EXCERPTED DATA
* * * *

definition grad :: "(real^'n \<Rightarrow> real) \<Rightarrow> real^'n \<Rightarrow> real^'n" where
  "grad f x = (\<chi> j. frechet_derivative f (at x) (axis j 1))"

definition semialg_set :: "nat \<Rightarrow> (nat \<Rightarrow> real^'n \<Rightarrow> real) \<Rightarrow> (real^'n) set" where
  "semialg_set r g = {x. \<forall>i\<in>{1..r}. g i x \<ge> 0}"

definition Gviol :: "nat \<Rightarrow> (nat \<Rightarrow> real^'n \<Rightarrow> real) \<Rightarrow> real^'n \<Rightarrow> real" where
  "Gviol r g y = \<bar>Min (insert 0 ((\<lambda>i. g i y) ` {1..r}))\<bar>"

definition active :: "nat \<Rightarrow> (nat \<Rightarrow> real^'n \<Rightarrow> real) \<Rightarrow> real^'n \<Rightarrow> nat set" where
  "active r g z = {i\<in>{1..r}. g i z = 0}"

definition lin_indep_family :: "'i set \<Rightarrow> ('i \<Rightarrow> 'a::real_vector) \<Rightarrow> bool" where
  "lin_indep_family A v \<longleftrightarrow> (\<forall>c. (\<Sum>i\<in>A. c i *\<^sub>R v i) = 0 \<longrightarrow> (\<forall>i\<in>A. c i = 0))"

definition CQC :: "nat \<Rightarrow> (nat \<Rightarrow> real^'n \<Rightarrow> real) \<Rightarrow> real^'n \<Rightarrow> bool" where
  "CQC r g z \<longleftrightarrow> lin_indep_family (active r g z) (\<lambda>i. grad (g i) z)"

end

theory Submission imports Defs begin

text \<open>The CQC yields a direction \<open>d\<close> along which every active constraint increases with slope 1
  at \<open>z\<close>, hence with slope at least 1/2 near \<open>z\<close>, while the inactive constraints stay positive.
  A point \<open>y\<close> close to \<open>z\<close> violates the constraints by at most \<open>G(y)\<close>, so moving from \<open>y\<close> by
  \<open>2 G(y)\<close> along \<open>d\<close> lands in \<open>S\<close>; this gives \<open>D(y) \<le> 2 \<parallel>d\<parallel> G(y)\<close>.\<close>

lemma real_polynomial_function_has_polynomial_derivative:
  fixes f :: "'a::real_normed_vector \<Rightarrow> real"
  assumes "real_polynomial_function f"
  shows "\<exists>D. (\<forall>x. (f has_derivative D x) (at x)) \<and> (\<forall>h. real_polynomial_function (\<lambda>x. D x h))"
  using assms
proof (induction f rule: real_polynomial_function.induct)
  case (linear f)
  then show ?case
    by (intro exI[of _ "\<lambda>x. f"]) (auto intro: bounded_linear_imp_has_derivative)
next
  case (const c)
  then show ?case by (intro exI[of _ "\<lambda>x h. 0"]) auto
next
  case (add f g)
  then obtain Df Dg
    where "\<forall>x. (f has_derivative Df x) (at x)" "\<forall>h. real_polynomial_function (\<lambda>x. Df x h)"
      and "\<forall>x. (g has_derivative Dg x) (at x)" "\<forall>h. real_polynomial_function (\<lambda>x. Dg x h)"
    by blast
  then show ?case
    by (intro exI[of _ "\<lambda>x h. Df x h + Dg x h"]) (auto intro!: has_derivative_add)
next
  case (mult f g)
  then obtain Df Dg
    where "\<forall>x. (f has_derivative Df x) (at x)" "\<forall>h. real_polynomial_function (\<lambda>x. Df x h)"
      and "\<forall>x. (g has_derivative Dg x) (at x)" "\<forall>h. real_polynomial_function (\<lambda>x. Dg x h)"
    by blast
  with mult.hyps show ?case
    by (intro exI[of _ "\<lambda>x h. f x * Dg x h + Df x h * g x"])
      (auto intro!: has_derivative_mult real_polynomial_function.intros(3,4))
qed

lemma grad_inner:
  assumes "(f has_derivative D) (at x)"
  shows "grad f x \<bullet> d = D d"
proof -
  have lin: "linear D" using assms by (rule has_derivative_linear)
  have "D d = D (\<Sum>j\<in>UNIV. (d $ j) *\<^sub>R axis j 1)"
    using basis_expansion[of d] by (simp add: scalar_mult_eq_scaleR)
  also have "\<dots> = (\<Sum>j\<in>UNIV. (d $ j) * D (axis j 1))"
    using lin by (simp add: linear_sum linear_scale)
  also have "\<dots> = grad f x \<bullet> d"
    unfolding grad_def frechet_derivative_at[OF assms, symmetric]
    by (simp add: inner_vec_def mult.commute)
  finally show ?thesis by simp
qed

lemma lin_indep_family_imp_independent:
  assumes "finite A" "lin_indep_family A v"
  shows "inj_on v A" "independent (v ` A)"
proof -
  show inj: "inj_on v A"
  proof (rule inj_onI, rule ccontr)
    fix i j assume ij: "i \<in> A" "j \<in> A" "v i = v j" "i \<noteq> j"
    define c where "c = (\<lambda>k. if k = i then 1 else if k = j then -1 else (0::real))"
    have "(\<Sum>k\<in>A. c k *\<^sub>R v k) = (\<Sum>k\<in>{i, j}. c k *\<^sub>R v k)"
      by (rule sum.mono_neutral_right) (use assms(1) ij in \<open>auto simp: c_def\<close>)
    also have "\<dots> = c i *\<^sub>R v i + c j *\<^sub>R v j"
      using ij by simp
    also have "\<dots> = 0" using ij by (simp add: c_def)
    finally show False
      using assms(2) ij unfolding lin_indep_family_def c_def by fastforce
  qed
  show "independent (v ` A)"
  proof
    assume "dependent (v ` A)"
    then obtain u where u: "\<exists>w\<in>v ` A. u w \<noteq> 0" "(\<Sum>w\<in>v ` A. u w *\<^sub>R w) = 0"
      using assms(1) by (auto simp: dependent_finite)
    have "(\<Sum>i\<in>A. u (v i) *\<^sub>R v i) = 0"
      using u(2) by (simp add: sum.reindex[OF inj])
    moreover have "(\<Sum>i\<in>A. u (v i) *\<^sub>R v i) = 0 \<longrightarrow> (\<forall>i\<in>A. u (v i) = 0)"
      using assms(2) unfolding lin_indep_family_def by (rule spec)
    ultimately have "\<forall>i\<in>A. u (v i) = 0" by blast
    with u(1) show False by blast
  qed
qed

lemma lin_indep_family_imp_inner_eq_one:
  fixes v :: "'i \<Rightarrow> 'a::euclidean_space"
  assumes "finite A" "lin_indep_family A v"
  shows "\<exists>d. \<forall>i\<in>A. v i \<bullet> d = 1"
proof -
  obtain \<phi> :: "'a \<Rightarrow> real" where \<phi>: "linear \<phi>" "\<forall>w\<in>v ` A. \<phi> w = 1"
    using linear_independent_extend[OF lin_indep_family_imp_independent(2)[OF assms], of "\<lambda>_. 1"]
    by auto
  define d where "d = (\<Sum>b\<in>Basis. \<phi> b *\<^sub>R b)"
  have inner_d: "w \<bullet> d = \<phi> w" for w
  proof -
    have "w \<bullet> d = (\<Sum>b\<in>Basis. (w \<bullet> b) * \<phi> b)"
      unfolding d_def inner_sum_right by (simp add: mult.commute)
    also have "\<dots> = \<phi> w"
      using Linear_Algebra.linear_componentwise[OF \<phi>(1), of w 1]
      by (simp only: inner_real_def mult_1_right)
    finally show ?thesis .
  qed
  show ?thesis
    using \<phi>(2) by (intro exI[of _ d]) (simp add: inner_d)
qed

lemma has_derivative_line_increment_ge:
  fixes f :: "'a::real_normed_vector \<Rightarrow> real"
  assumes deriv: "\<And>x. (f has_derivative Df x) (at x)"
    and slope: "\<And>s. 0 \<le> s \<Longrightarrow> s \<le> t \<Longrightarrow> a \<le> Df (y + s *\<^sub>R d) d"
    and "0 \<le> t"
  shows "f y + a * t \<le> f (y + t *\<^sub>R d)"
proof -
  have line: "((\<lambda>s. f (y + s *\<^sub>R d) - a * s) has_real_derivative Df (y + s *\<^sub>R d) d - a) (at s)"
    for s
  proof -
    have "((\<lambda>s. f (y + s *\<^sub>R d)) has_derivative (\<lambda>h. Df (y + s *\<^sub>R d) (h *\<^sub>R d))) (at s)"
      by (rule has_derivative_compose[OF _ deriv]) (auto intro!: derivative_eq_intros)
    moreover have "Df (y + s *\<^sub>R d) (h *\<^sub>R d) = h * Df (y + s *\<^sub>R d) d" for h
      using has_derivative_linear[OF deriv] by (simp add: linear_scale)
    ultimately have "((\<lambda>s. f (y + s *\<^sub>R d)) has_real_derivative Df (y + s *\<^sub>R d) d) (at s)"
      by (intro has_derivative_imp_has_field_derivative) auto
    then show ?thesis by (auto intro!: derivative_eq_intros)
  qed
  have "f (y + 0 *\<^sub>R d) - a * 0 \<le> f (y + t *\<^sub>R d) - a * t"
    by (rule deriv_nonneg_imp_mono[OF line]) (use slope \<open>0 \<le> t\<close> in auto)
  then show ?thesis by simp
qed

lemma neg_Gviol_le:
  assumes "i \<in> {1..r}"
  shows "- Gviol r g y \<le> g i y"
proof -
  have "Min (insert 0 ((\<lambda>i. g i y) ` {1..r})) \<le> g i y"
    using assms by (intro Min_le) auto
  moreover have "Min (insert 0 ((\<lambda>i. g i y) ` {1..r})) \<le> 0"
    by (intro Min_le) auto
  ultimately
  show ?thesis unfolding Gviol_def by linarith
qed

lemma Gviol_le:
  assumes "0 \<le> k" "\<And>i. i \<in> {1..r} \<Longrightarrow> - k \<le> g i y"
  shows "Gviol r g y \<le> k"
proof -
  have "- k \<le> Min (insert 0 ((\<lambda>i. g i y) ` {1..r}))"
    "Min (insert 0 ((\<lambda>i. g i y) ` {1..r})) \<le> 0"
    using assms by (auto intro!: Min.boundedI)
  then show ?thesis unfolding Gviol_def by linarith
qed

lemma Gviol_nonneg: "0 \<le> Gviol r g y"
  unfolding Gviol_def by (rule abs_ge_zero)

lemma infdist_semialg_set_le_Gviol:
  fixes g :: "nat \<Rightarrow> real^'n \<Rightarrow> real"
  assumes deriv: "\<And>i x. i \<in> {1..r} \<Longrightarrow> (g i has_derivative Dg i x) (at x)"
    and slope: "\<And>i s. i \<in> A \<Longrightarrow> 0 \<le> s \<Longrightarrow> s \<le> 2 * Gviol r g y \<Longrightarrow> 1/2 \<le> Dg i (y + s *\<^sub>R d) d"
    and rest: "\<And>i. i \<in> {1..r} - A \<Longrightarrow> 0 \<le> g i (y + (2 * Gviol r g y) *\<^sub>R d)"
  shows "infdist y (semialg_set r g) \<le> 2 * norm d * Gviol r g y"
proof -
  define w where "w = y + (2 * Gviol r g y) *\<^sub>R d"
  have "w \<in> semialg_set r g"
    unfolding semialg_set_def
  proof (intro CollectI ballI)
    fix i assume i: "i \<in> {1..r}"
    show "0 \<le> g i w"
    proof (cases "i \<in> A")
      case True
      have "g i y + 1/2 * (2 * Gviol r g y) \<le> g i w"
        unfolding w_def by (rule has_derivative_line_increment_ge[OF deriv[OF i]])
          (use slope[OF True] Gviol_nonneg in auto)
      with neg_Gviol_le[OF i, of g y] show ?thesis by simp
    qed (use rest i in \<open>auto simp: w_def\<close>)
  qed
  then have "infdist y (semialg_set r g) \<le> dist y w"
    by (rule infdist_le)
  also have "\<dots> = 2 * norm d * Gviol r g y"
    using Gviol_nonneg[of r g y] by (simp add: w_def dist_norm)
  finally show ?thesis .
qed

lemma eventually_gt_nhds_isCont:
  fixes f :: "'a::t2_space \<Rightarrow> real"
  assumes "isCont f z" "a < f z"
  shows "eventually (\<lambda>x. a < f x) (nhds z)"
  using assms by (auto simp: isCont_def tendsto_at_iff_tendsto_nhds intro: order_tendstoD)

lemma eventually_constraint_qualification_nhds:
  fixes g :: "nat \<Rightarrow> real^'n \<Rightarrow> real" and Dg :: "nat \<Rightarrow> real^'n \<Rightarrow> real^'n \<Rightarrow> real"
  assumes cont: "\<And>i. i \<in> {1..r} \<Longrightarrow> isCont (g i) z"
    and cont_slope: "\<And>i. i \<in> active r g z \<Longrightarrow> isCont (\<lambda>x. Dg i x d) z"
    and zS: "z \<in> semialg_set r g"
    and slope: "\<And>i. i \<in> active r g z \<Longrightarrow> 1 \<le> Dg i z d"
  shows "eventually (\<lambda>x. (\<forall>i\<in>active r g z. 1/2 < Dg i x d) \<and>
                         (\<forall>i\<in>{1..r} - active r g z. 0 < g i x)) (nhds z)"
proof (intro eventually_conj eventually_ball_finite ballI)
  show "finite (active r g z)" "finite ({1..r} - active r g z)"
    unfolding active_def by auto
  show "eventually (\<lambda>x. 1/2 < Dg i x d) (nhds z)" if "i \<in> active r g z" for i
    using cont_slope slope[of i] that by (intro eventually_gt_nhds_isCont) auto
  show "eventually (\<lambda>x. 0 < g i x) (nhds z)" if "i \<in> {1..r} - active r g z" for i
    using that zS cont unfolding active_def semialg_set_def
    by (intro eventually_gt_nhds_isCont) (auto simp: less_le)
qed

* * * *

WORK TASK
Using the records above, copy word for word the line with "proof (intro CollectI ballI)", the line with "by (rule infdist_le)", and every line between them.

EXERCISE RESULT
  proof (intro CollectI ballI)
    fix i assume i: "i \<in> {1..r}"
    show "0 \<le> g i w"
    proof (cases "i \<in> A")
      case True
      have "g i y + 1/2 * (2 * Gviol r g y) \<le> g i w"
        unfolding w_def by (rule has_derivative_line_increment_ge[OF deriv[OF i]])
          (use slope[OF True] Gviol_nonneg in auto)
      with neg_Gviol_le[OF i, of g y] show ?thesis by simp
    qed (use rest i in \<open>auto simp: w_def\<close>)
  qed
  then have "infdist y (semialg_set r g) \<le> dist y w"
    by (rule infdist_le)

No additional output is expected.